28 June, 2010

Cloud Computing

What is Cloud Computing?

Cloud computing is a way to increase capacity or add capabilities on a fly without the investment in new Infrastructure, training personnel for supporting the new Infrastructure or licensing new software. Cloud computing encompasses any subscription based or pay-per-use service that is available in real time over Internet. Cloud computing can deliver cloud based solution from full-blown applications to storage services. After some goggling I am able to collect a rough breakdown of what cloud computing is all about.

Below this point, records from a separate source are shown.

lemma tup_emb_std_tup_unique:
  assumes emb: "tup_emb (std_tup Rm Fm) A eN eT"
  shows "eN = of_nat_N A" and "eT = of_list_T"
proof -
  have N: "eN k = of_nat_N A k" for k
  proof (induction k)
    case 0
    then show ?case using emb by (simp add: tup_emb_def std_tup_def)
  next
    case (Suc k)
    have "eN (Suc k) = eN (nplus (std_tup Rm Fm) k (none (std_tup Rm Fm)))"
      by (simp add: std_tup_def)
    also have "\<dots> = eN k \<oplus> \<one>"
      using emb by (simp add: tup_emb_def)
    finally show ?case
      using Suc.IH by simp
  qed
  then show "eN = of_nat_N A" by blast
  have "represents xs (eT xs)" for xs
  proof -
    have "eN (len (std_tup Rm Fm) xs) = len A (eT xs)"
      using emb by (simp add: tup_emb_def)
    then have "len A (eT xs) = of_nat_N A (length xs)"
      by (simp add: std_tup_def N)
    moreover have "ind A (eT xs) (of_nat_N A i) (xs ! i)" if "i < length xs" for i
    proof -
      have "ind (std_tup Rm Fm) xs i (xs ! i) \<longleftrightarrow> ind A (eT xs) (eN i) (xs ! i)"
        using emb by (simp add: tup_emb_def)
      with that show ?thesis
        by (simp add: std_tup_def N)
    qed
    ultimately show ?thesis
      unfolding represents_def by blast
  qed
  then show "eT = of_list_T"
    using of_list_T_eqI by (metis ext)
qed

end

lemma tup_emb_std_star_iff:
  "tup_emb (std_star Rm Fm R g) A eN eT \<longleftrightarrow> tup_emb (std_tup Rm Fm) A eN eT"
  unfolding tup_emb_def std_tup_def std_star_def by simp

lemma star_emb_induced_iff:
  "star_emb (std_star Rm Fm (\<lambda>n. Rel A (eN n)) (\<lambda>n \<pi>. gfun A (eN n) (eT \<pi>))) A eN eT \<longleftrightarrow>
    tup_emb (std_tup Rm Fm) A eN eT"
  unfolding star_emb_def tup_emb_std_star_iff by (simp add: std_star_def)

theorem lemma5p5:
  fixes A :: "('r::countable,'f::countable,'m,'n,'t) tup_star"
    and Rm :: "'r \<Rightarrow> 'm list \<Rightarrow> bool" and Fm :: "'f \<Rightarrow> 'm list \<Rightarrow> 'm"
  assumes "T_tup A"
    and "trel A = Rm" and "tfun A = Fm"
  shows "(\<exists>!e. tup_emb (std_tup Rm Fm) A (fst e) (snd e)) \<and>
    (\<forall>eN eT. tup_emb (std_tup Rm Fm) A eN eT \<longrightarrow>
       star_emb (std_star Rm Fm (\<lambda>n. Rel A (eN n)) (\<lambda>n \<pi>. gfun A (eN n) (eT \<pi>))) A eN eT \<and>
       (\<forall>a k. nless A a (eN k) \<longrightarrow> a \<in> range eN) \<and>
       (\<forall>\<pi>. len A \<pi> \<in> range eN \<longrightarrow> \<pi> \<in> range eT))"
proof -
  interpret tup_model A by unfold_locales (rule assms(1))
  have exists: "tup_emb (std_tup Rm Fm) A (of_nat_N A) of_list_T"
    using tup_emb_of_nat_N_of_list_T assms(2,3) .
  show ?thesis
  proof (intro conjI allI impI)
    show "\<exists>!e. tup_emb (std_tup Rm Fm) A (fst e) (snd e)"
    proof (rule ex1I[of _ "(of_nat_N A, of_list_T)"])
      fix e
      assume "tup_emb (std_tup Rm Fm) A (fst e) (snd e)"
      then show "e = (of_nat_N A, of_list_T)"
        using tup_emb_std_tup_unique by (metis prod.collapse)
    qed (simp add: exists)
  next
    fix eN eT
    assume "tup_emb (std_tup Rm Fm) A eN eT"
    then show "star_emb (std_star Rm Fm (\<lambda>n. Rel A (eN n)) (\<lambda>n \<pi>. gfun A (eN n) (eT \<pi>))) A eN eT"
      unfolding star_emb_induced_iff .
  next
    fix eN eT a k
    assume "tup_emb (std_tup Rm Fm) A eN eT" and "a \<prec> eN k"
    then show "a \<in> range eN"
      using tup_emb_std_tup_unique(1) less_of_nat_N_imp_standard by blast
  next
    fix eN eT \<pi>
    assume "tup_emb (std_tup Rm Fm) A eN eT" and "len A \<pi> \<in> range eN"
    then show "\<pi> \<in> range eT"
      using tup_emb_std_tup_unique standard_len_imp_standard by blast
  qed
qed

end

  1. SaaS (Software as a Service)

    Saas delivers a single application through the browser to thousands of customers using a multi-tenant architecture. On the customer side, it means no upfront investment in servers or software licensing; on the provider side, with just one app to maintain, costs are low compared to conventional hosting.

  2. Utility Computing

    Utility computing offers storage and virtual servers or even virtual datacenters that IT can use on demand. Some players offering this service are Sun, IBM and Amazon. Utility computing is currently used for supplemental and non-mission critical use, but soon it will replace few components from the Datacenter.

  3. Web services in the Cloud

    Closely related to SaaS, Web service providers offer APIs that enable developers to exploit functionality over the Internet, rather than delivering full-blown applications

  4. Platform as a service

    It is another variant of SaaS and it provides development environment as a service. Developers can build their own applications that run on the provider's infrastructure and are delivered to their users via the Internet from the provider's servers. You don't get complete freedom because these services are constrained by the vendor's design and capabilities.

  5. Managed Service Provider (MSP)

    A Managed service is basically an application exposed to IT rather than to the end user. The MSP's may provide applications such as virus scanning, email or any other application monitoring service or desktop management service.

  6. Service Commerce Platforms (SCP)

    A hybrid of SaaS and MSP, this cloud computing service offers a service hub that users interact with. They're most common in trading environments, such as expense management systems that allow users to order travel or secretarial services from a common platform that then coordinates the service delivery and pricing within the specifications set by the user.

Today for IT decision makers it is a challenge to decide which service they should be opting from Cloud due to security or control on data as some of the risk. In any case Cloud computing is a good solution for Small Organization who can leverage on the Private Cloud infrastructure instead of investing on the physical datacenter and maintaining it. It is also a good option for Medium Organization which can utilize the virtual datacenter on demand in Hybrid Cloud scenario for application testing or non mission critical applications.